lemma mf_prop_eq_density:
  assumes "\<sigma> > 0" "prob_space \<mu>" "sets \<mu> = sets (Fsp T)"
  shows "mf_prop M \<gamma> vth \<theta> \<sigma> Jbar J T \<mu> =
    density (free_law M \<gamma> vth \<theta> \<sigma> (distr \<mu> borel (\<lambda>\<eta>. \<eta> 0)) T)
      (\<lambda>\<eta>. ennreal (\<integral>\<xi>. cameron_martin_density \<sigma> {1..T} \<xi> (Phi M \<gamma> vth \<theta> \<eta>) \<partial>g_mu M T Jbar J \<mu>))"
proof -
  let ?W = "Wnoise T \<sigma>"
  let ?g = "g_mu M T Jbar J \<mu>"
  let ?P = "free_law M \<gamma> vth \<theta> \<sigma> (distr \<mu> borel (\<lambda>\<eta>. \<eta> 0)) T"
  let ?H = "\<lambda>((u :: nat \<Rightarrow> real, w), v). driven_path M \<gamma> vth \<theta> T (u 0) (\<lambda>t. v t + w t)"
  let ?f = "\<lambda>\<eta> \<xi>. ennreal (cameron_martin_density \<sigma> {1..T} \<xi> (Phi M \<gamma> vth \<theta> \<eta>))"
  interpret \<mu>: prob_space \<mu> by fact
  interpret g: prob_space ?g
    using g_mu_is_gaussian[OF assms(2,3)] by (simp add: is_gaussian_def)
  interpret W: prob_space ?W
    using assms(1) by (rule prob_space_Wnoise)
  interpret \<mu>W: pair_prob_space \<mu> ?W ..
  interpret P: prob_space ?P
    using assms(1) \<mu>.prob_space_distr[of "\<lambda>\<eta>. \<eta> 0" borel]
    by (intro prob_space_free_law) (simp_all add: measurable_cong_sets[OF assms(3) refl] Fsp_def)
  have sets_g: "sets ?g = sets (Rsp T)"
    using g_mu_is_gaussian[OF assms(2,3)] by (simp add: is_gaussian_def)
  have sets_P: "sets ?P = sets (Fsp T)"
    by (simp add: free_law_def)
  have "mf_prop M \<gamma> vth \<theta> \<sigma> Jbar J T \<mu> = distr ((\<mu> \<Otimes>\<^sub>M ?W) \<Otimes>\<^sub>M ?g) (Fsp T) ?H"
    by (simp add: mf_prop_def driven_path_def)
  also have "\<dots> = density ?P (\<lambda>\<eta>. \<integral>\<^sup>+\<xi>. ?f \<eta> \<xi> \<partial>?g)"
  proof (rule distr_pair_measure_density_mixture)
    show "(\<lambda>(\<eta>, \<xi>). ?f \<eta> \<xi>) \<in> borel_measurable (?P \<Otimes>\<^sub>M ?g)"
      using borel_measurable_cameron_martin_density_Phi[OF sets_P sets_g]
      unfolding split_beta' by (rule measurable_compose[OF _ measurable_ennreal])
    show "distr (\<mu> \<Otimes>\<^sub>M ?W) (Fsp T) (\<lambda>p. ?H (p, v)) = density ?P (\<lambda>\<eta>. ?f \<eta> v)" for v
      using distr_driven_path_shifted_input[OF assms] by (simp add: split_beta')
  qed (simp_all add: measurable_mean_field_path[OF assms(3) sets_g] sets_P prob_space_imp_sigma_finite
      \<mu>W.P.prob_space_axioms g.prob_space_axioms P.prob_space_axioms)
  also have "(\<lambda>\<eta>. \<integral>\<^sup>+\<xi>. ?f \<eta> \<xi> \<partial>?g) =
      (\<lambda>\<eta>. ennreal (\<integral>\<xi>. cameron_martin_density \<sigma> {1..T} \<xi> (Phi M \<gamma> vth \<theta> \<eta>) \<partial>?g))"
    using sets_g by (simp add: nn_integral_cameron_martin_density g.finite_measure_axioms Rsp_def)
  finally show ?thesis .
qed

theorem mainTheorem5:
  fixes T :: nat and M :: model
    and \<theta> \<sigma> Jbar J \<gamma> vth :: real
    and m0 :: "real measure" and \<mu> :: "(nat \<Rightarrow> real) measure"
  assumes "T \<ge> 1" and "\<sigma> > 0" and "J > 0"
    and "M = IF \<longrightarrow> (0 < \<gamma> \<and> \<gamma> < 1 \<and> vth < 0 \<and> 0 < \<theta>)"
    and "prob_space m0" and "sets m0 = sets borel"
    and "prob_space \<mu>" and "sets \<mu> = sets (Fsp T)"
    and "distr \<mu> borel (\<lambda>\<eta>. \<eta> 0) = m0"
  shows "absolutely_continuous (free_law M \<gamma> vth \<theta> \<sigma> m0 T) (mf_prop M \<gamma> vth \<theta> \<sigma> Jbar J T \<mu>)
    \<and> (AE \<eta> in free_law M \<gamma> vth \<theta> \<sigma> m0 T.
         RN_deriv (free_law M \<gamma> vth \<theta> \<sigma> m0 T) (mf_prop M \<gamma> vth \<theta> \<sigma> Jbar J T \<mu>) \<eta> =
         ennreal (\<integral>\<xi>. exp ((1 / \<sigma>\<^sup>2) * (\<Sum>k\<in>{1..T}.
                     - (1/2) * (\<xi> k)\<^sup>2 + Phi M \<gamma> vth \<theta> \<eta> k * \<xi> k))
                  \<partial>(g_mu M T Jbar J \<mu>)))"
proof -
  let ?P = "free_law M \<gamma> vth \<theta> \<sigma> m0 T"
  let ?g = "g_mu M T Jbar J \<mu>"
  let ?D = "\<lambda>\<eta>. ennreal (\<integral>\<xi>. cameron_martin_density \<sigma> {1..T} \<xi> (Phi M \<gamma> vth \<theta> \<eta>) \<partial>?g)"
  interpret P: prob_space ?P
    using assms(2,5,6) by (rule prob_space_free_law)
  have "prob_space ?g" "sets ?g = sets (Rsp T)"
    using g_mu_is_gaussian[OF assms(7,8)] by (simp_all add: is_gaussian_def)
  then have "?D \<in> borel_measurable ?P"
    using borel_measurable_integral_cameron_martin_density[of ?g T]
    by (simp add: free_law_def prob_space.axioms(1))
  moreover have "mf_prop M \<gamma> vth \<theta> \<sigma> Jbar J T \<mu> = density ?P ?D"
    using mf_prop_eq_density[OF assms(2,7,8)] assms(9) by simp
  ultimately have "absolutely_continuous ?P (mf_prop M \<gamma> vth \<theta> \<sigma> Jbar J T \<mu>)"
    and "AE \<eta> in ?P. ?D \<eta> = RN_deriv ?P (mf_prop M \<gamma> vth \<theta> \<sigma> Jbar J T \<mu>) \<eta>"
    by (simp_all add: absolutely_continuousI_density P.RN_deriv_unique)
  then show ?thesis
    by (auto simp: cameron_martin_density_def elim: AE_mp)
qed

end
=====
Could you please copy the lines above exactly, beginning at the first and ending at the line that contains "real, w), v)."?

lemma mf_prop_eq_density:
  assumes "\<sigma> > 0" "prob_space \<mu>" "sets \<mu> = sets (Fsp T)"
  shows "mf_prop M \<gamma> vth \<theta> \<sigma> Jbar J T \<mu> =
    density (free_law M \<gamma> vth \<theta> \<sigma> (distr \<mu> borel (\<lambda>\<eta>. \<eta> 0)) T)
      (\<lambda>\<eta>. ennreal (\<integral>\<xi>. cameron_martin_density \<sigma> {1..T} \<xi> (Phi M \<gamma> vth \<theta> \<eta>) \<partial>g_mu M T Jbar J \<mu>))"
proof -
  let ?W = "Wnoise T \<sigma>"
  let ?g = "g_mu M T Jbar J \<mu>"
  let ?P = "free_law M \<gamma> vth \<theta> \<sigma> (distr \<mu> borel (\<lambda>\<eta>. \<eta> 0)) T"
  let ?H = "\<lambda>((u :: nat \<Rightarrow> real, w), v). driven_path M \<gamma> vth \<theta> T (u 0) (\<lambda>t. v t + w t)"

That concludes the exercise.